There was no point in fighting this, she thought. And maybe this was what she needed, a new project. Decorating a whole house could come to a tidy little commission. “All right, get me the address and I’m on my way.”

“Got it right here,” Nathan told her, taking a folded piece of paper out of his vest pocket. “Printed out a map for you and everything,” he added, opening up the paper and handing it to her with a flourish. “Since I know how GPS-challenged you are.”

“I’m not GPS-challenged,” she corrected him. “I just don’t like a machine telling me where to go.” Kennon looked at him pointedly. “I already get enough of that from you.”

Nathan took no offense. “You know you love it.”

“Keep reminding me,” Kennon instructed wearily.

She was still thinking that long after Nathan’s voice had faded away and she had made the quick seven-mile trip to her destination. Right now, she felt like thirty miles of bad road. The last thing she wanted to do was meet a new client. But the economy being what it was, no job was too small at this point. And Nathan did say the man wanted enough furniture to fill his whole house. Hopefully, the man was not living in a one-bedroom house.

 

Dear God, Kennon, where’s your optimism? Where’s your hope? How could you have let that creep get to you this way? Nathan’s right. The breakup was a godsend. It saved you from making a stupid mistake. You didn’t love Pete, you loved the idea of him. Now get over it, damn it!

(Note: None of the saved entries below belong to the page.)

lemma local_family_if_local_iso:
  assumes "F \<in> \<F>" "is_graph S" "isomorphic S F" "local_iso \<phi> S F'" "is_graph F'"
  shows "F' \<in> local_family \<F>"
proof -
  obtain g where g: "bij_betw g (verts S) (verts F)" "edges F = (\<lambda>e. g ` e) ` edges S"
    using assms(3) unfolding isomorphic_def by blast
  define \<psi> where "\<psi> = \<phi> \<circ> inv_into (verts S) g"
  have \<psi>_image: "\<psi> ` g ` A = \<phi> ` A" if "A \<subseteq> verts S" for A
  proof -
    have "inv_into (verts S) g ` g ` A = A"
      using g(1) that by (simp add: bij_betw_def)
    then show ?thesis
      unfolding \<psi>_def by (metis image_comp)
  qed
  have "local_iso \<psi> F F'"
    unfolding local_iso_def
  proof (intro conjI ballI impI)
    show "\<psi> ` verts F = verts F'"
      using \<psi>_image[of "verts S"] g(1) assms(4) by (simp add: bij_betw_def local_iso_def)
    show "\<psi> ` e \<in> edges F'" if e: "e \<in> edges F" for e
    proof -
      obtain a where "a \<in> edges S" "e = g ` a"
        using e by (auto simp: g(2))
      then show ?thesis
        using assms(4) \<psi>_image[OF is_graph_edge_subset[OF assms(2)]] by (simp add: local_iso_def)
    qed
  next
    fix e f assume ef: "e \<in> edges F" "f \<in> edges F" "e \<noteq> f \<and> e \<inter> f \<noteq> {}"
    then obtain a b where ab: "a \<in> edges S" "b \<in> edges S" "e = g ` a" "f = g ` b"
      by (auto simp: g(2))
    have "a \<subseteq> verts S" "b \<subseteq> verts S"
      using ab(1,2) assms(2) is_graph_edge_subset by auto
    moreover from this have "g ` a \<inter> g ` b = g ` (a \<inter> b)"
      using g(1) by (metis bij_betw_def inj_on_image_Int)
    ultimately have "a \<noteq> b" "a \<inter> b \<noteq> {}"
      using ab ef by auto
    then have "\<phi> ` a \<noteq> \<phi> ` b"
      using ab(1,2) assms(4) unfolding local_iso_def by blast
    then show "\<psi> ` e \<noteq> \<psi> ` f"
      using \<psi>_image ab \<open>a \<subseteq> verts S\<close> \<open>b \<subseteq> verts S\<close> by simp
  qed
  then show ?thesis
    using assms(1,5) unfolding local_family_def by blast
qed

definition pullback_edges :: "graph \<Rightarrow> graph \<Rightarrow> (nat \<Rightarrow> nat) \<Rightarrow> nat set set" where
  "pullback_edges G M \<phi> = {e \<in> edges G. \<phi> ` e \<in> edges M \<and>
     (\<forall>f\<in>edges G. e \<noteq> f \<and> e \<inter> f \<noteq> {} \<longrightarrow> \<phi> ` e \<noteq> \<phi> ` f)}"

definition pullback_graph :: "graph \<Rightarrow> graph \<Rightarrow> (nat \<Rightarrow> nat) \<Rightarrow> graph" where
  "pullback_graph G M \<phi> = (verts G, pullback_edges G M \<phi>)"

lemma subgraph_pullback_graph: "is_graph G \<Longrightarrow> subgraph (pullback_graph G M \<phi>) G"
  by (auto simp: pullback_graph_def pullback_edges_def subgraph_def is_graph_def)

lemma local_iso_pullback_graph:
  assumes "subgraph S (pullback_graph G M \<phi>)"
  shows "local_iso \<phi> S (graph_image \<phi> S)"
proof -
  have "edges S \<subseteq> pullback_edges G M \<phi>"
    using assms by (simp add: subgraph_def pullback_graph_def)
  then have "\<phi> ` e \<noteq> \<phi> ` f" if "e \<in> edges S" "f \<in> edges S" "e \<noteq> f" "e \<inter> f \<noteq> {}" for e f
    using that unfolding pullback_edges_def by blast
  then show ?thesis
    by (simp add: local_iso_def graph_image_def)
qed

lemma subgraph_graph_image_pullback_graph:
  assumes "subgraph S (pullback_graph G M \<phi>)" "is_graph M" "\<phi> ` verts G \<subseteq> verts M"
  shows "subgraph (graph_image \<phi> S) M"
proof -
  have S: "is_graph S" "verts S \<subseteq> verts G" "edges S \<subseteq> pullback_edges G M \<phi>"
    using assms(1) by (auto simp: subgraph_def pullback_graph_def)
  have edges_sub: "edges (graph_image \<phi> S) \<subseteq> edges M"
    using S(3) by (auto simp: graph_image_def pullback_edges_def)
  have "is_graph (graph_image \<phi> S)"
    unfolding is_graph_def
  proof (intro conjI ballI)
    show "finite (verts (graph_image \<phi> S))"
      using S(1) by (simp add: graph_image_def is_graph_def)
    fix e' assume e': "e' \<in> edges (graph_image \<phi> S)"
    then show "card e' = 2"
      using edges_sub assms(2) is_graph_card_edge by blast
    from e' obtain e where "e \<in> edges S" "e' = \<phi> ` e"
      by (auto simp: graph_image_def)
    then show "e' \<subseteq> verts (graph_image \<phi> S)"
      using is_graph_edge_subset[OF S(1)] by (auto simp: graph_image_def)
  qed
  then show ?thesis
    using S(2) assms(3) edges_sub by (auto simp: subgraph_def graph_image_def)
qed

lemma free_pullback_graph:
  assumes "is_graph M" "free (local_family \<F>) M" "\<phi> ` verts G \<subseteq> verts M"
  shows "free \<F> (pullback_graph G M \<phi>)"
  unfolding free_def
proof
  assume "\<exists>S F. subgraph S (pullback_graph G M \<phi>) \<and> F \<in> \<F> \<and> isomorphic S F"
  then obtain S F where S: "subgraph S (pullback_graph G M \<phi>)" "F \<in> \<F>" "isomorphic S F"
    by blast
  have image_sub: "subgraph (graph_image \<phi> S) M"
    using subgraph_graph_image_pullback_graph[OF S(1) assms(1,3)] .
  have "is_graph S" "is_graph (graph_image \<phi> S)"
    using S(1) image_sub by (simp_all add: subgraph_def)
  then have "graph_image \<phi> S \<in> local_family \<F>"
    using local_family_if_local_iso[OF S(2) _ S(3) local_iso_pullback_graph[OF S(1)]] by blast
  then show False
    using assms(2) image_sub isomorphic_refl unfolding free_def by blast
qed

definition embedding_maps :: "graph \<Rightarrow> graph \<Rightarrow> graph \<Rightarrow> nat \<Rightarrow> (nat \<Rightarrow> nat) set" where
  "embedding_maps G S M m = {\<phi> \<in> verts G \<rightarrow>\<^sub>E {0..<m}.
     inj_on \<phi> (verts S) \<and> (\<forall>e\<in>edges S. \<phi> ` e \<in> edges M)}"

lemma finite_embedding_maps: "is_graph G \<Longrightarrow> finite (embedding_maps G S M m)"
  unfolding embedding_maps_def
  by (rule finite_subset[of _ "verts G \<rightarrow>\<^sub>E {0..<m}"]) (auto simp: is_graph_def finite_PiE)

lemma embedding_map_onto_copy:
  assumes "verts M = {0..<m}" "subgraph S G" "isomorphic S H" "subgraph T M" "isomorphic T H"
    and \<chi>: "\<chi> \<in> verts G - verts S \<rightarrow>\<^sub>E {0..<m}"
  obtains \<phi> where "\<phi> \<in> embedding_maps G S M m" "graph_image \<phi> S = T"
    "restrict \<phi> (verts G - verts S) = \<chi>"
proof -
  have S: "is_graph S" "verts S \<subseteq> verts G"
    using assms(2) by (auto simp: subgraph_def)
  have "isomorphic S T"
    using assms(3-5) by (auto intro: isomorphic_trans isomorphic_sym simp: subgraph_def)
  then obtain g where g: "bij_betw g (verts S) (verts T)" "edges T = (\<lambda>e. g ` e) ` edges S"
    unfolding isomorphic_def by blast
  define \<phi> where "\<phi> x = (if x \<in> verts S then g x else \<chi> x)" for x
  have on_edges: "\<phi> ` e = g ` e" if "e \<in> edges S" for e
    using is_graph_edge_subset[OF S(1) that] by (auto simp: \<phi>_def)
  have "\<phi> \<in> embedding_maps G S M m"
    unfolding embedding_maps_def
  proof (intro CollectI conjI PiE_I ballI)
    have "g ` verts S \<subseteq> {0..<m}"
      using g(1) assms(1,4) by (auto simp: bij_betw_def subgraph_def)
    then show "\<phi> x \<in> {0..<m}" if "x \<in> verts G" for x
      using that \<chi> by (auto simp: \<phi>_def)
    show "\<phi> x = undefined" if "x \<notin> verts G" for x
      using that \<chi> S(2) by (auto simp: \<phi>_def)
    show "inj_on \<phi> (verts S)"
      using g(1) by (simp add: \<phi>_def bij_betw_def inj_on_def)
    show "\<phi> ` e \<in> edges M" if "e \<in> edges S" for e
      using that on_edges g(2) assms(4) by (auto simp: subgraph_def)
  qed
  moreover have "graph_image \<phi> S = T"
    using g on_edges by (intro graph_eqI) (auto simp: graph_image_def \<phi>_def bij_betw_def)
  moreover have "restrict \<phi> (verts G - verts S) = \<chi>"
    using \<chi> by (auto simp: \<phi>_def restrict_def PiE_def extensional_def)
  ultimately show ?thesis
    using that by blast
qed

lemma card_embedding_maps_ge:
  assumes "is_graph G" "verts M = {0..<m}" "subgraph S G" "isomorphic S H"
  shows "count_copies H M * m ^ card (verts G - verts S) \<le> card (embedding_maps G S M m)"
proof -
  let ?C = "{T. subgraph T M \<and> isomorphic T H}"
  let ?P = "verts G - verts S \<rightarrow>\<^sub>E {0..<m}"
  let ?f = "\<lambda>\<phi>. (graph_image \<phi> S, restrict \<phi> (verts G - verts S))"
  have "?C \<times> ?P \<subseteq> ?f ` embedding_maps G S M m"
  proof clarify
    fix T \<chi> assume T: "subgraph T M" "isomorphic T H" and \<chi>: "\<chi> \<in> ?P"
    obtain \<phi> where "\<phi> \<in> embedding_maps G S M m" "graph_image \<phi> S = T"
      "restrict \<phi> (verts G - verts S) = \<chi>"
      by (rule embedding_map_onto_copy[OF assms(2-4) T \<chi>])
    then show "(T, \<chi>) \<in> ?f ` embedding_maps G S M m"
      by force
  qed
  then have "card (?C \<times> ?P) \<le> card (embedding_maps G S M m)"
    by (rule surj_card_le[OF finite_embedding_maps[OF assms(1)]])
  moreover have "card (?C \<times> ?P) = count_copies H M * m ^ card (verts G - verts S)"
    using assms(1) by (simp add: card_cartesian_product count_copies_def card_PiE is_graph_def)
  ultimately show ?thesis
    by simp
qed

lemma embedding_maps_update:
  assumes "subgraph S G" "\<phi> \<in> embedding_maps G S M m" "c \<in> verts G - verts S" "j < m"
  shows "\<phi>(c := j) \<in> embedding_maps G S M m"
proof -
  have \<phi>: "\<phi> \<in> verts G \<rightarrow>\<^sub>E {0..<m}" "inj_on \<phi> (verts S)" "\<forall>e\<in>edges S. \<phi> ` e \<in> edges M"
    using assms(2) by (simp_all add: embedding_maps_def)
  have "\<phi>(c := j) \<in> verts G \<rightarrow>\<^sub>E {0..<m}"
    using PiE_fun_upd[OF _ \<phi>(1), of j c] assms(3,4) by (simp add: insert_absorb)
  moreover have "inj_on (\<phi>(c := j)) (verts S)"
  proof (subst inj_on_cong)
    show "(\<phi>(c := j)) x = \<phi> x" if "x \<in> verts S" for x
      using that assms(3) by auto
  qed (rule \<phi>(2))
  moreover have "\<phi>(c := j) ` e = \<phi> ` e" if "e \<in> edges S" for e
  proof -
    have "is_graph S"
      using assms(1) by (simp add: subgraph_def)
    then have "c \<notin> e"
      using assms(3) is_graph_edge_subset[OF _ that] by blast
    then show ?thesis
      by (intro image_cong) auto
  qed
  ultimately show ?thesis
    using \<phi>(3) by (simp add: embedding_maps_def)
qed

text \<open>Updating the value at c is injective on the maps identifying c with b, as the old
  value at c can be read off at b.\<close>

lemma card_coinciding_le:
  assumes "finite A" "b \<noteq> c" "\<And>\<phi> j. \<phi> \<in> A \<Longrightarrow> j \<in> J \<Longrightarrow> \<phi>(c := j) \<in> A"
  shows "card J * card {\<phi> \<in> A. \<phi> c = \<phi> b} \<le> card A"
proof -
  let ?B = "{\<phi> \<in> A. \<phi> c = \<phi> b}"
  have "inj_on (\<lambda>(\<phi>, j). \<phi>(c := j)) (?B \<times> J)"
  proof (rule inj_onI, clarify)
    fix \<phi> j \<psi> k assume "\<phi> c = \<phi> b" "\<psi> c = \<psi> b" and eq: "\<phi>(c := j) = \<psi>(c := k)"
    moreover have "\<phi> b = \<psi> b"
      using fun_cong[OF eq, of b] assms(2) by simp
    ultimately have "\<phi> c = \<psi> c"
      by simp
    then show "\<phi> = \<psi> \<and> j = k"
      using eq by (metis fun_upd_triv fun_upd_upd fun_upd_same)
  qed
  moreover have "(\<lambda>(\<phi>, j). \<phi>(c := j)) ` (?B \<times> J) \<subseteq> A"
    using assms(3) by auto
  ultimately have "card (?B \<times> J) \<le> card A"
    using card_inj_on_le assms(1) by blast
  then show ?thesis
    by (simp add: card_cartesian_product mult.commute)
qed

lemma card_2_obtain:
  assumes "card e = 2" "a \<in> e"
  obtains b where "e = {a, b}" "a \<noteq> b"
proof -
  have "card (e - {a}) = 1"
    using assms by (simp add: card_Diff_singleton)
  then obtain b where "e - {a} = {b}"
    by (rule card_1_singletonE)
  then show ?thesis
    using that assms(2) by blast
qed

lemma adjacent_edges_obtain:
  assumes "card e = 2" "card f = 2" "e \<noteq> f" "e \<inter> f \<noteq> {}"
  obtains a b c where "e = {a, b}" "f = {a, c}" "a \<noteq> b" "a \<noteq> c" "b \<noteq> c"
proof -
  obtain a where a: "a \<in> e" "a \<in> f"
    using assms(4) by blast
  obtain b where b: "e = {a, b}" "a \<noteq> b"
    using card_2_obtain[OF assms(1) a(1)] .
  obtain c where c: "f = {a, c}" "a \<noteq> c"
    using card_2_obtain[OF assms(2) a(2)] .
  have "b \<noteq> c"
    using assms(3) b(1) c(1) by auto
  then show ?thesis
    using that b c by simp
qed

Following Nathan’s map, she made another turn to the right. A few yards from the corner stood a magnificent two-story house.

Getting out of her vehicle, Kennon didn’t bother locking the door. She walked up to the huge front door and rang the bell. The next second, the beginning notes of the Anvil Chorus sounded throughout the house.

Well, at least it wasn’t taps, she thought.